Exercise:
In the entries below, return only the line containing "show ?thesis" and those after it, exactly, through the last line.
** Given records follows **
lemma exists_ratio_powr_gt_half:
  fixes \<beta> :: real
  assumes "0 < \<beta>" "\<beta> < 1"
  obtains r where "0 < r" "r < 1/2" "1/2 < r powr \<beta>"
proof -
  have "1 < 1 / \<beta>"
    using assms by simp
  then have "2 powr (- (1 / \<beta>)) < 2 powr (- 1)"
    by (intro powr_less_mono) auto
  also have "2 powr (- 1) = (1/2 :: real)"
    by (simp add: powr_minus)
  finally obtain r where r: "2 powr (- (1 / \<beta>)) < r" "r < 1/2"
    using dense by blast
  have "(1/2 :: real) = (2 powr (- (1 / \<beta>))) powr \<beta>"
    using assms(1) by (simp only: powr_powr) (simp add: powr_minus)
  also have "\<dots> < r powr \<beta>"
    using r(1) assms(1) by (intro powr_less_mono2) auto
  finally have "1/2 < r powr \<beta>" .
  moreover have "0 < r"
    using r(1) powr_gt_zero[of 2 "- (1 / \<beta>)"] by linarith
  ultimately show thesis
    using r(2) that by blast
qed

theorem mainTheorem7:
  fixes \<beta> :: real
  assumes "0 < \<beta>" and "\<beta> < 1"
  shows "\<exists>(\<mu>::real measure) (f::real \<Rightarrow> real) (L::real).
           prob_space \<mu> \<and> space \<mu> = {0..1} \<and> sets \<mu> = sets (restrict_space borel {0..1::real}) \<and>
           f ` {0..1} \<subseteq> {0..1} \<and>
           hol_const {0..1} \<beta> f \<in> borel_measurable \<mu> \<and>
           hol_const {0..1} 1 f \<in> borel_measurable \<mu> \<and>
           f \<in> avgHol \<beta> L {0..1} \<mu> \<and>
           (\<forall>M>0. f \<notin> Hol \<beta> M {0..1}) \<and>
           (\<forall>M>0. f \<notin> weakLip M {0..1} \<mu>)"
proof -
  obtain r where r: "0 < r" "r < 1/2" "1/2 < r powr \<beta>"
    using exists_ratio_powr_gt_half assms by blast
  define q where "q = 1 / (2 * r powr \<beta>)"
  define L where "L = (\<Sum>n. q ^ Suc n)"
  have "0 < q" "q < 1"
    using r by (auto simp: q_def field_simps)
  then have "(\<Sum>n. ennreal (q ^ Suc n)) = ennreal L"
    unfolding L_def by (intro suminf_ennreal2) auto
  then have "(\<integral>\<^sup>+ x. hol_const {0..1} \<beta> (spike (1/2)) x \<partial>spike_sample r) \<le> ennreal L"
    using nn_integral_hol_const_spike_sample[OF r(1,2) assms(1), folded q_def] by simp
  then have avg: "spike (1/2) \<in> avgHol \<beta> L {0..1} (spike_sample r)"
    unfolding avgHol_def mem_Collect_eq by (rule conjI[OF spike_range])
  have not_Hol: "\<forall>M>0. spike (1/2) \<notin> Hol \<beta> M {0..1::real}"
    using assms(1) by (intro allI impI spike_not_Hol) auto
  have not_weakLip: "\<forall>M>0. spike (1/2) \<notin> weakLip M {0..1} (spike_sample r)"
    using spike_not_weakLip[OF r(1,2)] by blast
  show ?thesis
    using prob_space_spike_sample[OF r(1,2)] space_spike_sample[OF r(1,2)]
      sets_spike_sample[OF r(1,2)] spike_range[of "1/2::real" "{0..1}"]
      hol_const_spike_measurable_spike_sample[OF r(1,2) assms(1)] hol_const_spike_measurable_spike_sample[OF r(1,2), of 1]
      avg not_Hol not_weakLip
    by (intro exI[of _ "spike_sample r"] exI[of _ "spike (1/2)"] exI[of _ L] conjI) simp_all
qed

end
** End of Given records **
Result of this exercise:
  show ?thesis
    using prob_space_spike_sample[OF r(1,2)] space_spike_sample[OF r(1,2)]
      sets_spike_sample[OF r(1,2)] spike_range[of "1/2::real" "{0..1}"]
      hol_const_spike_measurable_spike_sample[OF r(1,2) assms(1)] hol_const_spike_measurable_spike_sample[OF r(1,2), of 1]
      avg not_Hol not_weakLip
    by (intro exI[of _ "spike_sample r"] exI[of _ "spike (1/2)"] exI[of _ L] conjI) simp_all
qed

end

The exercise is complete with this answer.